The on-the-fly overhaul guided by McCoy and then-quarterbacks coach Adam Gase helped turn the Broncos into a division champion that won the franchise's first playoff game in six years.

A year later, McCoy's challenge was different: to incorporate the concepts that worked for Peyton Manning and help translate them into the nomenclature the Broncos used at the time to ease the learning process for rest of the offense. That was also a success, as an offense that ranked 31st in passing in 2011 rocketed to fifth in 2012. Denver rocketed from 23rd to fourth in total offense and soared from 26th to third in offensive points, helping him land the Chargers' head-coaching job after the season.

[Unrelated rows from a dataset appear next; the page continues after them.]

(* Let $d:\mathbb{N}\to\mathbb{N}$ be a function with $d(n)^3\log n/n\to 0$ as $n\to\infty$. Then there is a function $\eta:\mathbb{N}\to[0,\infty)$ with $\eta(n)\to 0$ as $n\to\infty$ such that for every $n$ (for which $d(n)$-regular graphs on $n$ vertices exist), every $d$-regular graph $G$ on $n$ vertices, where $d=d(n)$, contains a spanning subgraph $H$ such that for every integer $k$ with $0\le k\le d$, $$\left|m(H,k)-\frac{n}{d+1}\right|\le \eta(n)\,\frac{n}{d+1}.$$
   Context: All graphs are finite and simple (no loops, no parallel edges). For a graph $G$ and an integer $k\ge 0$, $m(G,k)$ denotes the number of vertices of degree exactly $k$ in $G$, and $m(G)=\max_k m(G,k)$. A spanning subgraph of $G$ is a subgraph with the same vertex set as $G$. *)

theory Defs
  imports Complex_Main
begin

definition is_graph :: "nat \<Rightarrow> nat set set \<Rightarrow> bool" where
  "is_graph n E \<longleftrightarrow> (\<forall>e\<in>E. e \<subseteq> {..<n} \<and> card e = 2)"

definition degree :: "nat set set \<Rightarrow> nat \<Rightarrow> nat" where
  "degree E v = card {e\<in>E. v \<in> e}"

definition regular :: "nat \<Rightarrow> nat set set \<Rightarrow> nat \<Rightarrow> bool" where
  "regular n E d \<longleftrightarrow> (\<forall>v<n. degree E v = d)"

definition mdeg :: "nat \<Rightarrow> nat set set \<Rightarrow> nat \<Rightarrow> nat" where
  "mdeg n H k = card {v\<in>{..<n}. degree H v = k}"

definition spanning_subgraph :: "nat \<Rightarrow> nat set set \<Rightarrow> nat set set \<Rightarrow> bool" where
  "spanning_subgraph n H G \<longleftrightarrow> is_graph n H \<and> H \<subseteq> G"

end

theory Submission
  imports Defs "HOL-Library.FuncSet"
begin

(* Give every vertex an independent uniform weight x v in {0..<N}, a discretisation of uniform
   weights in [0, 1], and keep the edges uv with x u + x v < N. Given x v = a, the degree of v is
   binomial with parameter about 1 - a / N; since every Bernstein polynomial of degree d integrates
   to 1 / (d + 1), each degree k <= d then has probability about 1 / (d + 1). For non-adjacent v, w
   with c common neighbours, conditioning on all weights except those of v and its private
   neighbours gives P(deg v = deg w) <= min 1 ((c + 1) / (d - c + 1)) + O(d^3 / N)
   <= (1 + 4 c) / (d + 1) + O(d^3 / N). As the numbers c(v, w) sum to n d^2, the expected value
   of sum_k (m(H, k) - n / (d + 1))^2 is at most 6 n (d + 1), so for some H every deviation is at
   most sqrt (6 n (d + 1)) = eta n * n / (d + 1) with eta n = sqrt (6 (d + 1)^3 / n). *)

section \<open>Counting maps into \<open>{..<N}\<close>\<close>

lemma card_PiE_Un_filter:
  assumes "finite A" "finite J" "A \<inter> J = {}" "\<And>i. finite (T i)"
  shows "card {x \<in> PiE (A \<union> J) T. P x}
    = (\<Sum>z\<in>PiE J T. card {y \<in> PiE A T. P (override_on z y A)})"
proof -
  let ?S = "Sigma (PiE J T) (\<lambda>z. {y \<in> PiE A T. P (override_on z y A)})"
  have image: "{x \<in> PiE (A \<union> J) T. P x} = (\<lambda>(z, y). override_on z y A) ` ?S"
  proof (rule set_eqI, rule iffI)
    fix x assume x: "x \<in> {x \<in> PiE (A \<union> J) T. P x}"
    have split: "x = override_on (restrict x J) (restrict x A) A"
      using x by (auto simp: override_on_def fun_eq_iff PiE_def extensional_def)
    then have "(restrict x J, restrict x A) \<in> ?S"
      using x by (auto simp: PiE_def)
    with split show "x \<in> (\<lambda>(z, y). override_on z y A) ` ?S"
      by (intro image_eqI[where x="(restrict x J, restrict x A)"]) auto
  next
    fix x assume "x \<in> (\<lambda>(z, y). override_on z y A) ` ?S"
    then show "x \<in> {x \<in> PiE (A \<union> J) T. P x}"
      by (auto simp: override_on_def PiE_def extensional_def Pi_def)
  qed
  have inj: "inj_on (\<lambda>(z, y). override_on z y A) ?S"
  proof (rule inj_onI, clarsimp)
    fix z y z' y'
    assume "z \<in> PiE J T" "y \<in> PiE A T" "z' \<in> PiE J T" "y' \<in> PiE A T"
      and "override_on z y A = override_on z' y' A"
    then show "z = z' \<and> y = y'" using assms(3)
      by (auto simp: fun_eq_iff override_on_def PiE_def extensional_def) (metis disjoint_iff)+
  qed
  have "card {x \<in> PiE (A \<union> J) T. P x} = card ?S"
    unfolding image by (rule card_image[OF inj])
  also have "\<dots> = (\<Sum>z\<in>PiE J T. card {y \<in> PiE A T. P (override_on z y A)})"
    by (rule card_SigmaI) (auto intro!: finite_PiE assms)
  finally show ?thesis .
qed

In San Diego, McCoy's offenses had an average ranking of 11.5 in total yardage but were particularly proficient through the air, ranking fourth, 10th, fourth and eighth, respectively, in net passing yardage in the last four seasons. The offensive success came in spite of a litany of injuries over the years, particularly to their offensive line and receiving corps.

McCoy guided Philip Rivers to some of the best seasons of his career, including a career-high passer rating in 2013 (105.5) and a career-best-yardage tally in 2015 (4,792).